__WORK ORDER__
Find every line in the records below that holds the word "obtain" and copy it.

══ RAW DATA

lemma adjacency_matrix_mult_vec_plus:
  assumes v: "v \<in> carrier_vec (length vs)" and i: "i < length vs"
  shows "(adjacency_matrix vs adj *\<^sub>v v) $ i + c * v $ i
       = (\<Sum>C\<in>cliques. incidence C i * clique_sum C v)"
proof -
  have "(\<Sum>C\<in>cliques. incidence C i * clique_sum C v)
      = (\<Sum>C\<in>cliques. \<Sum>j<length vs. incidence C i * incidence C j * v $ j)"
    by (simp add: clique_sum_def sum_distrib_left mult.assoc)
  also have "\<dots> = (\<Sum>j<length vs. (\<Sum>C\<in>cliques. incidence C i * incidence C j) * v $ j)"
    by (subst sum.swap) (simp add: sum_distrib_right)
  also have "\<dots> = (\<Sum>j<length vs. adjacency_matrix vs adj $$ (i, j) * v $ j
                     + of_bool (i = j) * real c * v $ j)"
    using i by (intro sum.cong refl) (simp add: sum_incidence_mult distrib_right)
  also have "\<dots> = (adjacency_matrix vs adj *\<^sub>v v) $ i + c * v $ i"
    using v i by (simp add: sum.distrib adjacency_matrix_def scalar_prod_def lessThan_atLeast0 of_bool_def
        if_distrib[of "\<lambda>x. x * _"] cong: if_cong)
  finally show ?thesis ..
qed

lemma eigenvalue_ge_neg_c:
  assumes "eigenvalue (adjacency_matrix vs adj) k"
  shows "- real c \<le> k"
proof -
  obtain v where v: "v \<in> carrier_vec (length vs)" "v \<noteq> 0\<^sub>v (length vs)"
      "adjacency_matrix vs adj *\<^sub>v v = k \<cdot>\<^sub>v v"
    using assms by (auto simp: eigenvalue_def eigenvector_def carrier_mat_def)
  have "(c + k) * (\<Sum>i<length vs. (v $ i)\<^sup>2)
      = (\<Sum>i<length vs. v $ i * ((adjacency_matrix vs adj *\<^sub>v v) $ i + c * v $ i))"
    using v by (subst sum_distrib_left, intro sum.cong refl) (simp add: power2_eq_square algebra_simps)
  also have "\<dots> = (\<Sum>i<length vs. \<Sum>C\<in>cliques. incidence C i * v $ i * clique_sum C v)"
    using adjacency_matrix_mult_vec_plus[OF v(1)]
    by (intro sum.cong refl) (simp add: sum_distrib_left mult_ac)
  also have "\<dots> = (\<Sum>C\<in>cliques. (clique_sum C v)\<^sup>2)"
    by (subst sum.swap) (simp add: clique_sum_def power2_eq_square sum_distrib_right)
  finally have "0 \<le> (c + k) * (\<Sum>i<length vs. (v $ i)\<^sup>2)"
    by (simp add: sum_nonneg)
  moreover obtain i where "i < length vs" "v $ i \<noteq> 0"
    using v(1,2) by (metis carrier_vecD eq_vecI index_zero_vec)
  then have "0 < (\<Sum>i<length vs. (v $ i)\<^sup>2)"
    by (intro sum_pos2[of _ i]) auto
  ultimately show ?thesis
    by (simp add: zero_le_mult_iff)
qed

lemma eigenvalue_neg_c_if_clique_sums_zero:
  fixes g :: "'v \<Rightarrow> real"
  assumes zero: "\<And>C. C \<in> cliques \<Longrightarrow> (\<Sum>x | x \<in> set vs \<and> member C x. g x) = 0"
    and x0: "x0 \<in> set vs" "g x0 \<noteq> 0"
  shows "eigenvalue (adjacency_matrix vs adj) (- real c)"
proof -
  define v where "v = vec (length vs) (\<lambda>i. g (vs ! i))"
  have v: "v \<in> carrier_vec (length vs)"
    by (simp add: v_def)
  have "clique_sum C v = 0" if "C \<in> cliques" for C
  proof -
    have "clique_sum C v = (\<Sum>x\<in>set vs. of_bool (member C x) * g x)"
      unfolding clique_sum_def incidence_def v_def
      by (subst sum.reindex_bij_betw[OF bij_betw_nth[OF distinct_vs], symmetric]) auto
    also have "\<dots> = (\<Sum>x | x \<in> set vs \<and> member C x. g x)"
      by (simp add: sum.inter_filter of_bool_def if_distrib[of "\<lambda>x. x * _"] cong: if_cong)
    finally show ?thesis
      using zero[OF that] by simp
  qed
  then have "(adjacency_matrix vs adj *\<^sub>v v) $ i = - real c * v $ i" if "i < length vs" for i
    using adjacency_matrix_mult_vec_plus[OF v that] by simp
  then have "adjacency_matrix vs adj *\<^sub>v v = (- real c) \<cdot>\<^sub>v v"
    using v by (intro eq_vecI) auto
  moreover have "v \<noteq> 0\<^sub>v (length vs)"
  proof
    assume "v = 0\<^sub>v (length vs)"
    moreover obtain i where "i < length vs" "vs ! i = x0"
      using x0(1) by (auto simp: in_set_conv_nth)
    ultimately show False
      using x0(2) by (metis index_vec index_zero_vec(1) v_def)
  qed
  ultimately show ?thesis
    using v by (auto simp: eigenvalue_def eigenvector_def carrier_mat_def)
qed

end

lemma SR_vertices_finite: "finite (SR_vertices m n)"
proof (rule finite_subset)
  show "SR_vertices m n \<subseteq> {xs. set xs \<subseteq> {..n} \<and> length xs = m}"
    by (auto simp: SR_vertices_def member_le_sum_list)
qed (rule finite_lists_length_eq, simp)

lemma SR_enum: "distinct (SR_enum m n) \<and> set (SR_enum m n) = SR_vertices m n"
  unfolding SR_enum_def by (rule someI_ex) (use finite_distinct_list[OF SR_vertices_finite] in blast)

lemma SR_adj_matrix_eq_adjacency_matrix:
  "SR_adj_matrix m n = adjacency_matrix (SR_enum m n) (SR_adj m)"
  unfolding adjacency_matrix_def SR_adj_matrix_def Let_def ..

════

__SOLUTION FOR THIS PROBLEM__
  obtain v where v: "v \<in> carrier_vec (length vs)" "v \<noteq> 0\<^sub>v (length vs)"
  moreover obtain i where "i < length vs" "v $ i \<noteq> 0"
    moreover obtain i where "i < length vs" "vs ! i = x0"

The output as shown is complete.